• ABOUT THIS EXERCISE
Return, exactly as written, all lines from the line containing "l \<le> m + 1" to the end of the entries below, with both ends included.

━━━━━━

(* Let $m$ be a prime power and let $l,s,t$ be positive integers such that $m\geq l-1$ and $2t-1\leq l$. Define $q=(s-1)m+1$. If there exists an $OA(t,l,s)$, then there exists a $q$-ary $c$-frameproof code of length $l$ and cardinality $\frac{s^t-1}{(s-1)^t}(q-1)^t$, for every integer $c\geq t$ such that $l=c(t-1)+r$ for some $r\in\{t,t+1,\ldots,c\}$.
   Context: An $OA(t,l,s)$ (orthogonal array of strength $t$, with $l$ constraints, $s\geq 2$ levels and index $1$) is an $l\times s^t$ array with entries from a set of $s$ symbols such that in every $t\times s^t$ subarray (choice of $t$ rows), every $t\times 1$ column vector over the symbol set appears exactly once. For $P\subseteq F^l$ over a finite alphabet $F$, $desc(P)=\{x\in F^l: \text{for every } i \text{ there is } y\in P \text{ with } x_i=y_i\}$. For an integer $c\geq 2$, a $c$-frameproof code of length $l$ is a subset $C\subseteq F^l$ with $desc(P)\cap C=P$ for every $P\subseteq C$ with $|P|\leq c$; it is $q$-ary if $|F|=q$. *)

theory Defs
  imports Complex_Main "HOL-Computational_Algebra.Primes" "HOL-Library.FuncSet"
begin

definition prime_power :: "nat \<Rightarrow> bool" where
  "prime_power m \<longleftrightarrow> (\<exists>p k. prime p \<and> k \<ge> 1 \<and> m = p ^ k)"

definition is_OA :: "nat \<Rightarrow> nat \<Rightarrow> nat \<Rightarrow> 'a set \<Rightarrow> (nat \<Rightarrow> nat \<Rightarrow> 'a) \<Rightarrow> bool" where
  "is_OA t l s S A \<longleftrightarrow>
     s \<ge> 2 \<and> finite S \<and> card S = s \<and>
     (\<forall>i<l. \<forall>j<s ^ t. A i j \<in> S) \<and>
     (\<forall>T. T \<subseteq> {0..<l} \<and> card T = t \<longrightarrow>
        bij_betw (\<lambda>j. restrict (\<lambda>i. A i j) T) {0..<s ^ t} (PiE T (\<lambda>_. S)))"

definition OA_exists :: "nat \<Rightarrow> nat \<Rightarrow> nat \<Rightarrow> bool" where
  "OA_exists t l s \<longleftrightarrow> (\<exists>(S :: nat set) A. is_OA t l s S A)"

definition words :: "nat \<Rightarrow> 'b set \<Rightarrow> (nat \<Rightarrow> 'b) set" where
  "words l F = PiE {0..<l} (\<lambda>_. F)"

definition desc :: "nat \<Rightarrow> 'b set \<Rightarrow> (nat \<Rightarrow> 'b) set \<Rightarrow> (nat \<Rightarrow> 'b) set" where
  "desc l F P = {x \<in> words l F. \<forall>i<l. \<exists>y\<in>P. x i = y i}"

definition frameproof :: "nat \<Rightarrow> nat \<Rightarrow> 'b set \<Rightarrow> (nat \<Rightarrow> 'b) set \<Rightarrow> bool" where
  "frameproof c l F C \<longleftrightarrow> C \<subseteq> words l F \<and>
     (\<forall>P. P \<subseteq> C \<and> card P \<le> c \<longrightarrow> desc l F P \<inter> C = P)"

end

theory Submission
  imports Defs "HOL-Algebra.Algebraic_Closure" "HOL-Algebra.Multiplicative_Group"
    "HOL-Number_Theory.Residues"
begin

text \<open>An extended Reed--Solomon code over the field with m elements yields m^t words of length
  l \<le> m + 1 over m letters, any two of which agree in at most t - 1 positions. Take the s^t - 1
  columns of the OA other than column 0; in each row, write 0 where a column agrees with column 0
  and otherwise pair the entry (one of s - 1 values) with the corresponding letter of a code word,
  one of (s - 1) m further symbols. Any two OA columns agree in at most t - 1 rows, so every
  resulting word has at least l - (t - 1) > c (t - 1) nonzero positions, and any other word
  agrees with it on at most t - 1 of them (their OA columns or their code words differ). Hence
  c words never cover all nonzero positions of a further word: the (s^t - 1) m^t words form a
  c-frameproof code.\<close>

context cring begin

━━━━━━

• EXERCISE SOLUTION
  l \<le> m + 1 over m letters, any two of which agree in at most t - 1 positions. Take the s^t - 1
  columns of the OA other than column 0; in each row, write 0 where a column agrees with column 0
  and otherwise pair the entry (one of s - 1 values) with the corresponding letter of a code word,
  one of (s - 1) m further symbols. Any two OA columns agree in at most t - 1 rows, so every
  resulting word has at least l - (t - 1) > c (t - 1) nonzero positions, and any other word
  agrees with it on at most t - 1 of them (their OA columns or their code words differ). Hence
  c words never cover all nonzero positions of a further word: the (s^t - 1) m^t words form a
  c-frameproof code.\<close>

context cring begin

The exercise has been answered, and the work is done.